Exercise details
If a line in the entries below contains "unfolding", copy it.

Dataset extract
(* Consider the iterates of AS-ALM and fix $k\ge0$ with $\eta_k\in(0,1/\nu)$. Let $\tilde\lambda^k=\lambda^k-\beta(Ax^{k+1}-b)$. Then for all $x\in\mathcal X$, $$f(x)-f(x^{k+1})+\langle x-x^{k+1},-A^\top\tilde\lambda^k\rangle\ge\langle x^{k+1}-x,\mathcal D_k(x^{k+1}-x^k)\rangle+\zeta^k(x).$$
   Context: Setting. $\mathcal X\subset\mathbb R^{n_1}$ is a nonempty closed convex set; $A\in\mathbb R^{n\times n_1}$, $b\in\mathbb R^n$; $f=\frac1N\sum_{j=1}^Nf_j$, each $f_j$ real-valued, convex and continuously differentiable on an open set containing $\mathcal X$. The problem is $\min\{f(x):Ax=b,\ x\in\mathcal X\}$. A fixed symmetric positive definite $H$ and a constant $\nu>0$ satisfy $\|\nabla f_j(x_1)-\nabla f_j(x_2)\|_{H^{-1}}\le\nu\|x_1-x_2\|_H$ for all $x_1,x_2\in\mathcal X$ and all $j$. For symmetric $G$, $\|v\|_G^2:=v^\top Gv$; $G_1\succeq G_2$ means $G_1-G_2$ is positive semidefinite. Subroutine xsub. Inputs: $x^k\in\mathcal X$, $\breve x^k$, $h\in\mathbb R^{n_1}$, an integer $m_k\ge1$, $\eta_k>0$, a symmetric matrix $M_k$. Set $x_1=x^k$, $\breve x_1=\breve x^k$. For $t=1,\dots,m_k$: draw $\xi_t$ uniformly from $\{1,\dots,N\}$, independently of everything generated before; set $\beta_t=2/(t+1)$, $\gamma_t=2/(t\eta_k)$, $\hat x_t=\beta_t\breve x_t+(1-\beta_t)x_t$, $d_t=\nabla f_{\xi_t}(\hat x_t)+e_t$ where $e_t$ is a random vector whose conditional expectation given all previously generated random quantities and $\xi_t$ is $0$; $\breve x_{t+1}=\arg\min_{x\in\mathcal X}\{\langle d_t+h,x\rangle+\frac{\gamma_t}2\|x-\breve x_t\|_H^2+\frac12\|x-x^k\|_{M_k}^2\}$; $x_{t+1}=\beta_t\breve x_{t+1}+(1-\beta_t)x_t$. Output $x^{k+1}=x_{m_k+1}$, $\breve x^{k+1}=\breve x_{m_k+1}$. Put $\delta_t=\nabla f(\hat x_t)-d_t$ (inner quantities of outer iteration $k$), and for $x\in\mathcal X$ $$\zeta^k(x)=\frac{2}{m_k(m_k+1)}\Big[\frac1{\eta_k}\big(\|x-\breve x^{k+1}\|_H^2-\|x-\breve x^k\|_H^2\big)-\sum_{t=1}^{m_k}t\langle\delta_t,\breve x_t-x\rangle-\frac{\eta_k}{4(1-\eta_k\nu)}\sum_{t=1}^{m_k}t^2\|\delta_t\|_{H^{-1}}^2\Big].$$ Algorithm AS-ALM. Parameters: $\beta>0$, $s\in(0,2]$, the matrix $H$. Start: $(x^0,\lambda^0)\in\mathcal X\times\mathbb R^n$, $\breve x^0=x^0$. For $k=0,1,\dots$: choose an integer $m_k\ge1$, $\eta_k>0$ and a symmetric $M_k$ with $\mathcal D_k:=M_k-\beta A^\top A\succeq0$; set $h^k=-A^\top[\lambda^k-\beta(Ax^k-b)]$; compute $(x^{k+1},\breve x^{k+1})$ by xsub with inputs $x^k,\breve x^k,h^k,m_k,\eta_k,M_k$; $\lambda^{k+1}=\lambda^k-s\beta(Ax^{k+1}-b)$. *)

theory Defs
  imports "HOL-Analysis.Analysis"
begin
lemma perm_list_perm_lists:
  assumes p: "p permutes {1..n}"
  shows "perm_list n p \<in> perm_lists n"
proof (rule perm_listsI)
  show "distinct (perm_list n p)"
    unfolding distinct_conv_nth
  proof (intro allI impI)
    fix i j assume "i < length (perm_list n p)" "j < length (perm_list n p)" "i \<noteq> j"
    then have i: "i < n" and j: "j < n" and "p (Suc i) \<noteq> p (Suc j)"
      using permutes_inj[OF p] by (auto simp: inj_eq)
    then have "p (Suc i) - 1 \<noteq> p (Suc j) - 1"
      using permutes_atLeastAtMost_range[OF p i] permutes_atLeastAtMost_range[OF p j] by arith
    then show "perm_list n p ! i \<noteq> perm_list n p ! j"
      using i j by simp
  qed
  have "p (Suc i) - 1 < n" if "i < n" for i
    using permutes_atLeastAtMost_range[OF p that] by arith
  then show "\<forall>x\<in>set (perm_list n p). x < n"
    by (auto simp: in_set_conv_nth)
qed simp

lemma card_occ321_perm_list:
  assumes p: "p permutes {1..n}"
  shows "card (occ321 n p) = card (occs321 (perm_list n p))"
proof -
  let ?g = "\<lambda>(i, j, k). (Suc i, Suc j, Suc k)"
  have less_iff: "perm_list n p ! i < perm_list n p ! j \<longleftrightarrow> p (Suc i) < p (Suc j)" if "i < n" "j < n" for i j
    using that permutes_atLeastAtMost_range[OF p, of i] permutes_atLeastAtMost_range[OF p, of j] by auto
  have "occ321 n p = ?g ` occs321 (perm_list n p)"
  proof (intro equalityI subsetI)
    fix x assume "x \<in> occ321 n p"
    then obtain i j k where x: "x = (i, j, k)" "1 \<le> i" "i < j" "j < k" "k \<le> n" "p j < p i" "p k < p j"
      unfolding occ321_def by auto
    then have "(i - 1, j - 1, k - 1) \<in> occs321 (perm_list n p)"
      using less_iff[of "j - 1" "i - 1"] less_iff[of "k - 1" "j - 1"] by (auto simp: occs321_def)
    moreover have "x = ?g (i - 1, j - 1, k - 1)"
      using x by auto
    ultimately show "x \<in> ?g ` occs321 (perm_list n p)"
      by blast
  next
    fix x assume "x \<in> ?g ` occs321 (perm_list n p)"
    then obtain i j k where x: "x = (Suc i, Suc j, Suc k)" and "(i, j, k) \<in> occs321 (perm_list n p)"
      by auto
    then have "i < j" "j < k" "k < n" "perm_list n p ! j < perm_list n p ! i"
      "perm_list n p ! k < perm_list n p ! j"
      by (auto simp: occs321_def)
    then show "x \<in> occ321 n p"
      using x less_iff[of j i] less_iff[of k j] by (auto simp: occ321_def)
  qed
  moreover have "inj_on ?g (occs321 (perm_list n p))"
    by (rule inj_onI) auto
  ultimately show ?thesis
    by (simp add: card_image)
qed

lemma inj_on_perm_list: "inj_on (perm_list n) {p. p permutes {1..n}}"
proof (rule inj_onI, rule ext)
  fix p q x
  assume p: "p \<in> {p. p permutes {1..n}}" and q: "q \<in> {p. p permutes {1..n}}"
    and eq: "perm_list n p = perm_list n q"
  show "p x = q x"
  proof (cases "x \<in> {1..n}")
    case True
    then obtain i where i: "i < n" "x = Suc i"
      by (cases x) auto
    then have "p (Suc i) - 1 = q (Suc i) - 1"
      using eq perm_list_nth[of i n p] perm_list_nth[of i n q] by simp
    moreover have "1 \<le> p (Suc i)" "1 \<le> q (Suc i)"
      using p q i permutes_atLeastAtMost_range[of p n i] permutes_atLeastAtMost_range[of q n i] by auto
    ultimately show ?thesis
      using i by arith
  next
    case False
    then show ?thesis
      using p q by (simp add: permutes_not_in)
  qed
qed

lemma perm_list_surj:
  assumes xs: "xs \<in> perm_lists n"
  obtains p where "p permutes {1..n}" "perm_list n p = xs"
proof -
  have len: "length xs = n" and dist: "distinct xs" and set: "set xs = {0..<n}"
    using xs length_perm_lists by (auto simp: perm_lists_def)
  let ?f = "\<lambda>x. Suc (xs ! (x - 1))"
  have "bij_betw ?f {1..n} {1..n}"
  proof (rule bij_betw_imageI)
    show "inj_on ?f {1..n}"
      using dist len by (auto simp: inj_on_def nth_eq_iff_index_eq)
    show "?f ` {1..n} = {1..n}"
    proof (intro equalityI subsetI)
      fix y assume "y \<in> ?f ` {1..n}"
      then obtain x where "x \<in> {1..n}" "y = ?f x"
        by blast
      moreover have "xs ! (x - 1) \<in> set xs" if "x \<in> {1..n}" for x
        using that len by auto
      ultimately show "y \<in> {1..n}"
        using set by fastforce
    next
      fix y assume y: "y \<in> {1..n}"
      then have "y - 1 \<in> set xs"
        using set by auto
      then obtain i where "i < n" "xs ! i = y - 1"
        using len by (auto simp: in_set_conv_nth)
      then have "Suc i \<in> {1..n}" "y = ?f (Suc i)"
        using y by auto
      then show "y \<in> ?f ` {1..n}"
        by blast
    qed
  qed
  then have "restrict_id ?f {1..n} permutes {1..n}"
    by (rule permutes_restrict_id)
  moreover have "perm_list n (restrict_id ?f {1..n}) = xs"
    using len by (intro nth_equalityI) (auto simp: restrict_id_def)
  ultimately show thesis
    by (rule that)
qed
text \<open>Invariance under the reflection s_a, which maps a to - a.\<close>
lemma coroot_form_root_right:
  assumes "a \<in> Phi"
  shows "2 * coroot_form x a = coroot_form a a * (cor a \<bullet> x)"
proof -
  have "coroot_form x a = coroot_form (refl_char a x) (- a)"
    using coroot_form_refl_char[OF assms, of x a] by (simp add: refl_char_self assms)
  also have "\<dots> = (cor a \<bullet> x) * coroot_form a a - coroot_form x a"
    by (simp add: coroot_form_def refl_char_def inner_diff_right sum_subtractf
        sum_distrib_left sum_negf algebra_simps)
  finally show ?thesis by simp
qed

lemma cartan_pos_iff:
  assumes "a \<in> Phi" "b \<in> Phi"
  shows "0 < cor a \<bullet> b \<longleftrightarrow> 0 < cor b \<bullet> a"
proof -
  have "coroot_form a a * (cor a \<bullet> b) = coroot_form b b * (cor b \<bullet> a)"
    using coroot_form_root_right[OF assms(1), of b] coroot_form_root_right[OF assms(2), of a]
    by (simp add: coroot_form_commute[of a b])
  then show ?thesis
    using coroot_form_root_pos[OF assms(1)] coroot_form_root_pos[OF assms(2)]
    by (metis mult_pos_pos zero_less_mult_pos)
qed

lemma coroot_form_cartan_defect:
  assumes "a \<in> Phi" "b \<in> Phi"
  defines "w \<equiv> 2 *\<^sub>R b - (cor a \<bullet> b) *\<^sub>R a"
  shows "coroot_form w w = coroot_form b b * (4 - (cor a \<bullet> b) * (cor b \<bullet> a))"
proof -
  let ?c = "cor a \<bullet> b" and ?d = "cor b \<bullet> a"
  have ba: "2 * coroot_form b a = ?d * coroot_form b b"
    using coroot_form_root_right[OF assms(2), of a]
    by (simp add: coroot_form_commute[of a b] mult.commute)
  have aa: "?c * coroot_form a a = ?d * coroot_form b b"
    using ba coroot_form_root_right[OF assms(1), of b]
    by (simp add: coroot_form_commute[of a b] mult.commute)
  have "coroot_form w w = 4 * coroot_form b b - 4 * ?c * coroot_form b a + ?c\<^sup>2 * coroot_form a a"
    by (simp add: w_def coroot_form_def inner_diff_right sum_subtractf sum.distrib
        sum_distrib_left power2_eq_square algebra_simps)
  also have "\<dots> = 4 * coroot_form b b - 2 * ?c * (2 * coroot_form b a) + ?c * (?c * coroot_form a a)"
    by (simp add: power2_eq_square)
  also have "\<dots> = coroot_form b b * (4 - ?c * ?d)"
    unfolding ba aa by (simp add: algebra_simps)
  finally show ?thesis .
qed
theorem theorem9p1:
  fixes F :: "real \<times> real \<Rightarrow> real" and n :: nat
  assumes "ADE_family F n"
    and "finite (crit_points F)" and "card (crit_points F) = n"
    and "\<forall>p \<in> crit_points F. hess_det F p \<noteq> 0"
  shows "(\<Sum>p \<in> crit_points F. magnification F p) = 0"
  using assms(1) unfolding ADE_family_def
proof (elim disjE exE conjE)
  fix e1 e2 e3 c s1 s2
  assume "2 \<le> n" "e1 \<in> {1, -1}" "e2 \<in> {1, -1}" "F = A_family n e1 e2 e3 c s1 s2"
  then show ?thesis using A_family_sum_zero assms(2,3) by blast
next
  fix e c s1 s2
  assume "4 \<le> n" "e \<in> {1, -1}" "F = D_family n e c s1 s2"
  then show ?thesis using D_family_sum_zero assms(2-4) by blast
next
  fix e c s1 s2
  assume "n = 6" "e \<in> {1, -1}" "F = E6_family e c s1 s2"
  then show ?thesis using E6_family_sum_zero assms(2-4) by blast
next
  fix c s1 s2
  assume "n = 7" "F = E7_family c s1 s2"
  then show ?thesis using E7_family_sum_zero assms(2-4) by blast
next
  fix c s1 s2
  assume "n = 8" "F = E8_family c s1 s2"
  then show ?thesis using E8_family_sum_zero assms(2-4) by blast
qed

end
(* Let ${\bf x}_0\in\mathbb{R}^m$ be a constant (leader state) and consider $n$ followers with states ${\bf x}_i(t)\in\mathbb{R}^m$ and dynamics $$\dot{\bf x}_i(t)=\sum_{j\in\mathcal{N}_i}{\bf K}_{ji}\big({\bf x}_j(t-T_{ji})-{\bf x}_i(t)\big)+\gamma_i{\bf K}_{0i}\big({\bf x}_0-{\bf x}_i(t)\big),\qquad i=1,\dots,n,$$ where $\mathcal{N}_i\subseteq\{1,\dots,n\}\setminus\{i\}$ are fixed neighbor sets among followers, each ${\bf K}_{ji}$ is constant symmetric positive definite, $T_{ji}\ge0$ are constant (possibly different) delays, $\gamma_i\in\{0,1\}$, and ${\bf K}_{0i}$ is a constant symmetric positive definite matrix whenever $\gamma_i=1$. Assume the whole network including the leader (node $0$ with edges $0\to i$ for $\gamma_i=1$) is connected, with $\gamma_i=1$ for at least one $i$, and that the links among followers are either bidirectional with ${\bf K}_{ji}={\bf K}_{ij}$, or unidirectional but formed into closed rings with identical gains within each ring. Then, regardless of the values of the delays and of the initial conditions, ${\bf x}_i(t)\to{\bf x}_0$ as $t\to\infty$ for all $i=1,\dots,n$. *)

theory Defs
  imports "HOL-Analysis.Analysis"
begin

definition sym_pos_def :: "real^'m^'m \<Rightarrow> bool" where
  "sym_pos_def A \<longleftrightarrow> transpose A = A \<and> (\<forall>v. v \<noteq> 0 \<longrightarrow> v \<bullet> (A *v v) > 0)"

text \<open>Directed links among followers: (j,i) means j is in N i, i.e. i receives from j
  with gain K j i.\<close>
definition links :: "nat \<Rightarrow> (nat \<Rightarrow> nat set) \<Rightarrow> (nat \<times> nat) set" where
  "links n N = {(j, i). i \<in> {1..n} \<and> j \<in> N i}"

definition net_adj :: "nat \<Rightarrow> (nat \<Rightarrow> nat set) \<Rightarrow> (nat \<Rightarrow> real) \<Rightarrow> (nat \<times> nat) set" where
  "net_adj n N \<gamma> =
     {(a, b). (a, b) \<in> links n N \<or> (b, a) \<in> links n N
        \<or> (a = 0 \<and> b \<in> {1..n} \<and> \<gamma> b = 1) \<or> (b = 0 \<and> a \<in> {1..n} \<and> \<gamma> a = 1)}"

definition network_connected :: "nat \<Rightarrow> (nat \<Rightarrow> nat set) \<Rightarrow> (nat \<Rightarrow> real) \<Rightarrow> bool" where
  "network_connected n N \<gamma> \<longleftrightarrow> (\<forall>i\<in>{1..n}. (0, i) \<in> (net_adj n N \<gamma>)\<^sup>*)"

definition ring_edges :: "nat list \<Rightarrow> (nat \<times> nat) set" where
  "ring_edges c = {(c ! l, c ! ((l + 1) mod length c)) | l. l < length c}"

Solution below
    unfolding distinct_conv_nth
      unfolding occ321_def by auto
    unfolding ba aa by (simp add: algebra_simps)
  using assms(1) unfolding ADE_family_def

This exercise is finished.